From our perspective, this pool of liquidity from Asia high-net-worth investors can be an important driver of certain segments of the business. Steve mentioned earlier around bank capital supply being a key theme in the market, and how Asia has helped fund such capital requirements from various parts of the world. Indeed, Asia has been a source of capital for the West for many years; and while the initial flows were largely through Asian central banks buying US Treasuries and the bonds of other highly-rated official institutions, the more recent flows have seen a wider variety of Asian investors, including private banks, supporting the capital requirements of financial institutions on a global basis.
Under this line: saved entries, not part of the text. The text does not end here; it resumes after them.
(* Let $(T,\mu,\eta)$ be a monad on a category $\mathcal C$, $(T',\mu',\eta')$ a monad on a category $\mathcal C'$, and $(G\colon\mathcal C\to\mathcal C',V\colon\mathcal C'\to\mathcal C)$ an adjunction with unit $h\colon 1_{\mathcal C}\to VG$ and counit $e\colon GV\to 1_{\mathcal C'}$. Let $\zeta\colon T'G\to GT$ be a natural transformation with $\zeta\mu'_G=G(\mu)\zeta_TT'(\zeta)$ and $\zeta\eta'_G=G(\eta)$. Then the following are equivalent: (i) there is a natural transformation $\xi\colon TV\to VT'$ such that $\xi\mu_V=V(\mu')\xi_{T'}T(\xi)$, $\xi\eta_V=V(\eta')$, $T'(e)=e_{T'}G(\xi)\zeta_V$ and $h_T=V(\zeta)\xi_GT(h)$; (ii) $\zeta$ is invertible. In that case $\xi$ is unique and equals $VT'(e)\,V(\zeta^{-1}_V)\,h_{TV}$.
   Context: Such a pair $(\zeta,\xi)$ corresponds to a lift of the adjunction $(G,V)$ to an adjunction between the categories of modules $\mathcal C^T$ and $\mathcal C'^{T'}$; $\zeta$ alone corresponds to a lift of $G$, via $(M,r)\mapsto(GM,G(r)\zeta_M)$. *)

theory Defs
  imports Main
begin

text \<open>A minimal, explicit rendering of (small) categories, functors, natural
transformations, monads and adjunctions.  Composition is written in
applicative order: Cmp C g f is "g after f".\<close>

record ('o, 'm) cat =
  Ob  :: "'o set"
  Ar  :: "'m set"
  Dm  :: "'m \<Rightarrow> 'o"
  Cd  :: "'m \<Rightarrow> 'o"
  Idn :: "'o \<Rightarrow> 'm"
  Cmp :: "'m \<Rightarrow> 'm \<Rightarrow> 'm"

definition category :: "('o, 'm) cat \<Rightarrow> bool" where
  "category C \<longleftrightarrow>
     (\<forall>f\<in>Ar C. Dm C f \<in> Ob C \<and> Cd C f \<in> Ob C) \<and>
     (\<forall>X\<in>Ob C. Idn C X \<in> Ar C \<and> Dm C (Idn C X) = X \<and> Cd C (Idn C X) = X) \<and>
     (\<forall>f\<in>Ar C. \<forall>g\<in>Ar C. Cd C f = Dm C g \<longrightarrow>
        Cmp C g f \<in> Ar C \<and> Dm C (Cmp C g f) = Dm C f \<and> Cd C (Cmp C g f) = Cd C g) \<and>
     (\<forall>f\<in>Ar C. Cmp C (Idn C (Cd C f)) f = f \<and> Cmp C f (Idn C (Dm C f)) = f) \<and>
     (\<forall>f\<in>Ar C. \<forall>g\<in>Ar C. \<forall>k\<in>Ar C. Cd C f = Dm C g \<longrightarrow> Cd C g = Dm C k \<longrightarrow>
        Cmp C k (Cmp C g f) = Cmp C (Cmp C k g) f)"

record ('o1, 'm1, 'o2, 'm2) ftor =
  omap :: "'o1 \<Rightarrow> 'o2"
  amap :: "'m1 \<Rightarrow> 'm2"

definition is_functor :: "('o1, 'm1) cat \<Rightarrow> ('o2, 'm2) cat \<Rightarrow> ('o1, 'm1, 'o2, 'm2) ftor \<Rightarrow> bool" where
  "is_functor C D F \<longleftrightarrow>
     (\<forall>X\<in>Ob C. omap F X \<in> Ob D) \<and>
     (\<forall>f\<in>Ar C. amap F f \<in> Ar D \<and> Dm D (amap F f) = omap F (Dm C f)
                               \<and> Cd D (amap F f) = omap F (Cd C f)) \<and>
     (\<forall>X\<in>Ob C. amap F (Idn C X) = Idn D (omap F X)) \<and>
     (\<forall>f\<in>Ar C. \<forall>g\<in>Ar C. Cd C f = Dm C g \<longrightarrow>
        amap F (Cmp C g f) = Cmp D (amap F g) (amap F f))"

definition fcompose :: "('o2, 'm2, 'o3, 'm3) ftor \<Rightarrow> ('o1, 'm1, 'o2, 'm2) ftor \<Rightarrow> ('o1, 'm1, 'o3, 'm3) ftor" where
  "fcompose G F = \<lparr>omap = omap G \<circ> omap F, amap = amap G \<circ> amap F\<rparr>"

definition fid :: "('o, 'm, 'o, 'm) ftor" where
  "fid = \<lparr>omap = id, amap = id\<rparr>"

definition is_nat :: "('o1, 'm1) cat \<Rightarrow> ('o2, 'm2) cat \<Rightarrow> ('o1, 'm1, 'o2, 'm2) ftor
                       \<Rightarrow> ('o1, 'm1, 'o2, 'm2) ftor \<Rightarrow> ('o1 \<Rightarrow> 'm2) \<Rightarrow> bool" where
  "is_nat C D F G \<alpha> \<longleftrightarrow>
     is_functor C D F \<and> is_functor C D G \<and>
     (\<forall>X\<in>Ob C. \<alpha> X \<in> Ar D \<and> Dm D (\<alpha> X) = omap F X \<and> Cd D (\<alpha> X) = omap G X) \<and>
     (\<forall>f\<in>Ar C. Cmp D (\<alpha> (Cd C f)) (amap F f) = Cmp D (amap G f) (\<alpha> (Dm C f)))"
lemma latent_Sigma_unique_maximizer:
  assumes "\<forall>j<K. \<forall>k<K. C j k = C k j"
    and "Delta_gt K C (2 / real (min_group_size K G) * var_norm p (Gamma_mat K G \<gamma>))"
  shows "unique_maximizer p K (latent_Sigma K G C \<gamma>) (Bstar K G)"
proof (rule unique_maximizer_BstarI)
  define t where "t = 2 / real (min_group_size K G) * var_norm p (Gamma_mat K G \<gamma>)"
  fix B assume B: "calC p K B"
  have excess: "(latent_separation C B - t * offdiag_mass B) / 2
      \<le> frob p (latent_Sigma K G C \<gamma>) (Bstar K G) - frob p (latent_Sigma K G C \<gamma>) B"
    using frob_ACAt_Bstar_minus[OF B, of C] frob_Gamma_mat_excess[OF B, of \<gamma>]
      frob_latent_Sigma[of p K G C \<gamma> B] frob_latent_Sigma[of p K G C \<gamma> "Bstar K G"]
    unfolding t_def by simp
  note separation = latent_separation_lower[OF B assms(2)[folded t_def] assms(1)]
  show "frob p (latent_Sigma K G C \<gamma>) B \<le> frob p (latent_Sigma K G C \<gamma>) (Bstar K G)"
    using excess separation(1) by argo
  assume "frob p (latent_Sigma K G C \<gamma>) B = frob p (latent_Sigma K G C \<gamma>) (Bstar K G)"
  then show "block_diagonal B" using excess by (intro separation(2)) argo
qed

end

theorem mainTheorem4:
  fixes p K :: nat and G :: "nat \<Rightarrow> nat set"
    and C :: "nat \<Rightarrow> nat \<Rightarrow> real" and \<gamma> :: "nat \<Rightarrow> real"
  assumes part: "is_partition p K G"
    and C_cov: "psd_on K C"
    and gamma_nonneg: "\<forall>k<K. 0 \<le> \<gamma> k"
  shows "(Delta_gt K C (2 / real (min_group_size K G) * var_norm p (Gamma_mat K G \<gamma>))
            \<longrightarrow> unique_maximizer p K (latent_Sigma K G C \<gamma>) (Bstar K G))
       \<and> (Delta_gt K C 0
            \<longrightarrow> unique_maximizer p K (\<lambda>a b. latent_Sigma K G C \<gamma> a b - Gamma_mat K G \<gamma> a b) (Bstar K G))"
proof -
  interpret group_partition p K G by (rule group_partition.intro) (rule part)
  have C_sym: "\<forall>j<K. \<forall>k<K. C j k = C k j" using C_cov unfolding psd_on_def by blast
  have "(\<lambda>a b. latent_Sigma K G C \<gamma> a b - Gamma_mat K G \<gamma> a b) = ACAt K G C"
    by (simp add: latent_Sigma_def)
  then show ?thesis
    using latent_Sigma_unique_maximizer[OF C_sym] ACAt_unique_maximizer[OF C_sym] by simp
qed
I think these sorts of dynamics are extremely helpful and go to the heart of today’s discussion topic – the internationalisation of Asia’s bond markets. We can also tie it back to some of the issues we’ve talked around that need to be overcome specifically in the Asian local currency markets, including liquidity and access. The fact, for example, that your clients could get easy access to a wide variety of bonds denominated in, say, offshore RMB and Singapore dollars shows that significant progress has indeed been made in Asia’s local currency markets.
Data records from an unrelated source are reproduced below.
theorem proposition2:
  fixes \<tau> \<alpha>1 \<alpha>2 \<alpha>3 \<alpha>4 :: real
    and H :: "real \<Rightarrow> real \<Rightarrow> real \<Rightarrow> real \<Rightarrow> real \<Rightarrow> real \<Rightarrow> real"
    and \<xi> \<eta> \<nu> :: "real \<Rightarrow> real \<Rightarrow> real \<Rightarrow> real"
    and W :: "real \<Rightarrow> real \<Rightarrow> real \<Rightarrow> real \<Rightarrow> real \<Rightarrow> real \<Rightarrow> real \<Rightarrow> real \<Rightarrow> real \<Rightarrow> real \<Rightarrow> real"
  assumes tau_pos: "\<tau> > 0"
    and H_diff: "\<And>x. (\<lambda>(a, b, c, d, e, f). H a b c d e f) differentiable (at x)"
    and xi_diff: "\<And>x. (\<lambda>(a, b, c). \<xi> a b c) differentiable (at x)"
    and eta_diff: "\<And>x. (\<lambda>(a, b, c). \<eta> a b c) differentiable (at x)"
    and nu_diff: "\<And>x. (\<lambda>(a, b, c). \<nu> a b c) differentiable (at x)"
    and Omega_zero: "\<And>q p t. smooth_fun q \<Longrightarrow> smooth_fun p \<Longrightarrow>
                       Omega \<tau> \<alpha>1 \<alpha>2 \<alpha>3 \<alpha>4 H \<xi> \<eta> \<nu> q p t = 0"
    and DC_W: "\<And>q p t. smooth_fun q \<Longrightarrow> smooth_fun p \<Longrightarrow>
                 (\<forall>s. F_H \<tau> \<alpha>1 \<alpha>2 \<alpha>3 \<alpha>4 H \<xi> \<eta> \<nu> q p s = 0) \<Longrightarrow>
                 deriv (C_expr \<tau> \<alpha>1 \<alpha>2 \<alpha>3 \<alpha>4 H \<xi> \<eta> \<nu> q p) t
                   = W_along \<tau> W q p (t + \<tau>) - W_along \<tau> W q p t"
  shows "\<And>q p t. smooth_fun q \<Longrightarrow> smooth_fun p \<Longrightarrow>
           (\<forall>s. F_H \<tau> \<alpha>1 \<alpha>2 \<alpha>3 \<alpha>4 H \<xi> \<eta> \<nu> q p s = 0) \<Longrightarrow>
           (P_expr \<tau> \<alpha>1 \<alpha>2 \<alpha>3 \<alpha>4 H \<xi> \<eta> \<nu> q p (t + \<tau>) - W_along \<tau> W q p (t + \<tau>))
           - (P_expr \<tau> \<alpha>1 \<alpha>2 \<alpha>3 \<alpha>4 H \<xi> \<eta> \<nu> q p t - W_along \<tau> W q p t) = 0"
proof -
  fix q p t
  assume q: "smooth_fun q" and p: "smooth_fun p"
    and extremal: "\<forall>s. F_H \<tau> \<alpha>1 \<alpha>2 \<alpha>3 \<alpha>4 H \<xi> \<eta> \<nu> q p s = 0"
  have "P_expr \<tau> \<alpha>1 \<alpha>2 \<alpha>3 \<alpha>4 H \<xi> \<eta> \<nu> q p (t + \<tau>) - P_expr \<tau> \<alpha>1 \<alpha>2 \<alpha>3 \<alpha>4 H \<xi> \<eta> \<nu> q p t
      = deriv (C_expr \<tau> \<alpha>1 \<alpha>2 \<alpha>3 \<alpha>4 H \<xi> \<eta> \<nu> q p) t"
    using P_expr_shift_difference[OF H_diff xi_diff eta_diff] q p extremal Omega_zero
    by (simp add: smooth_fun_differentiable smooth_fun_deriv)
  also have "\<dots> = W_along \<tau> W q p (t + \<tau>) - W_along \<tau> W q p t"
    using DC_W q p extremal by blast
  finally show "(P_expr \<tau> \<alpha>1 \<alpha>2 \<alpha>3 \<alpha>4 H \<xi> \<eta> \<nu> q p (t + \<tau>) - W_along \<tau> W q p (t + \<tau>))
      - (P_expr \<tau> \<alpha>1 \<alpha>2 \<alpha>3 \<alpha>4 H \<xi> \<eta> \<nu> q p t - W_along \<tau> W q p t) = 0"
    by simp
qed

end
lemma card_cosets_monomial_lattice:
  assumes "\<And>k. k < d \<Longrightarrow> h k \<le> h' k"
  shows "card (cosets (monomial_lattice d h) (monomial_lattice d h' :: (nat \<Rightarrow> 'a::{field,finite} fls) set))
    = card (UNIV :: 'a set) ^ (\<Sum>k<d. nat (h' k - h k))"
proof -
  define D where "D = Sigma {..<d} (\<lambda>k. {h k..<h' k})"
  define coeffs :: "(nat \<Rightarrow> 'a fls) \<Rightarrow> nat \<times> int \<Rightarrow> 'a"
    where "coeffs x = restrict (\<lambda>(k, m). fls_nth (x k) m) D" for x
  have "x +o monomial_lattice d h' = x' +o monomial_lattice d h' \<longleftrightarrow> coeffs x = coeffs x'"
    if "x \<in> monomial_lattice d h" "x' \<in> monomial_lattice d h" for x x'
  proof -
    have "fls_nth (x k) m = fls_nth (x' k) m" if "k < d" "m < h k" for k m
      using that \<open>x \<in> _\<close> \<open>x' \<in> _\<close> unfolding monomial_lattice_def by simp
    then have low_coeffs_agree: "(\<forall>k<d. \<forall>m<h' k. fls_nth (x k) m = fls_nth (x' k) m) \<longleftrightarrow>
        (\<forall>k<d. \<forall>m. h k \<le> m \<and> m < h' k \<longrightarrow> fls_nth (x k) m = fls_nth (x' k) m)"
      by (auto simp: not_le[symmetric])
    have "x +o monomial_lattice d h' = x' +o monomial_lattice d h' \<longleftrightarrow> x - x' \<in> monomial_lattice d h'"
      by (rule coset_eq_iff[OF add_subgroup_monomial_lattice])
    also have "\<dots> \<longleftrightarrow> (\<forall>k<d. \<forall>m<h' k. fls_nth (x k) m = fls_nth (x' k) m)"
      using that by (auto simp: monomial_lattice_def vecs_def)
    also have "\<dots> \<longleftrightarrow> coeffs x = coeffs x'"
      unfolding low_coeffs_agree by (auto simp: coeffs_def D_def fun_eq_iff)
    finally show ?thesis .
  qed
  then have "card (cosets (monomial_lattice d h) (monomial_lattice d h' :: (nat \<Rightarrow> 'a fls) set))
      = card (coeffs ` monomial_lattice d h)"
    unfolding cosets_def by (rule card_image_eq_if_same_kernel)
  also have "coeffs ` monomial_lattice d h = PiE D (\<lambda>_. UNIV)"
  proof (intro set_eqI iffI)
    fix t assume "t \<in> PiE D (\<lambda>_. (UNIV :: 'a set))"
    define x where "x k = (if k < d then Abs_fls (\<lambda>m. if (k, m) \<in> D then t (k, m) else 0) else 0)" for k
    have x_nth: "fls_nth (x k) m = (if (k, m) \<in> D then t (k, m) else 0)" if "k < d" for k m
    proof -
      have "\<forall>m < h k. (if (k, m) \<in> D then t (k, m) else 0) = 0" by (simp add: D_def)
      then show ?thesis
        unfolding x_def using that by (simp only: nth_Abs_fls_lower_bound if_True)
    qed
    then have "x \<in> monomial_lattice d h"
      by (auto simp: monomial_lattice_def vecs_def x_def D_def)
    moreover have "coeffs x = t"
      using \<open>t \<in> PiE D _\<close> x_nth
      by (auto simp: coeffs_def fun_eq_iff D_def PiE_def extensional_def)
    ultimately show "t \<in> coeffs ` monomial_lattice d h" by blast
  qed (auto simp: coeffs_def)
  also have "card (PiE D (\<lambda>_. UNIV :: 'a set)) = card (UNIV :: 'a set) ^ (\<Sum>k<d. nat (h' k - h k))"
    by (simp add: card_PiE D_def card_SigmaI)
  finally show ?thesis .
qed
IFR ASIA: Okay. I think we possibly have time for one more question.
QUESTION: My name is Rajeev from Indian Infrastructure Finance Company Limited. I want to know, the message I am getting from here is that Masala bonds are not going to float at anytime soon, so can the panel suggest any specific actions which are required to be taken to make it a success?
B. SRIRAM, STATE BANK OF INDIA: I think it’s a good point. As is already mentioned during the panel discussion, one of the initiatives is to try and get the sovereign to issue those bonds directly, and is to allow the banks to start to issue those bonds to get more appetite, to earn more investor sentiment, and then try and see the corporates get into it.
To your question, actually the issue of getting access to international investors, I think one of the ways – now that the Indian government and also the RBI has enabled us – is in terms of credit enhancement of the bonds. In some way, I think the bankers are in a better position to understand the credit and then enhance it to whatever rate.
If you include the costs of credit enhancement it may not amount to much at the end result, but to some extent I think it should produce some benefit as you go forward. I would imagine then some of the ways and means are to try and build this market and then get the investors’ interest going. Otherwise, I guess if the pricing is where it is today – and it’s a concern – it will take some time for these Masala bonds to pick up.
ANDREW CROSS, IFC: Maybe I can add something. If you cast your mind back two years ago, Masala bonds didn’t exist, so I’m not sure I’m so in line with the opening premise, because I look at how far that market has come in such a short space of time. You have a 15-year curve already in 24 months.
I think the point about pricing is very valid. I think we all in this room know that pricing is not static, so that other point. I think the Masala bonds are another opportunity, another component of a menu of options for providing capital to Indian corporates and the amazing opportunities that are already in India for further expansion and investment in the country.
I understand the sentiment, but for me, when I look already over two years – I look at the changes the RBI has made, I look at the possibility of partial credit guarantees that IFIs and development institutions can provide – my sense would be a much more positive inclination to the further development of Masala bonds.
IFR ASIA: It’s nice to end on a positive note, so with that, please join me in thanking our panel. Thank you all very much for your time.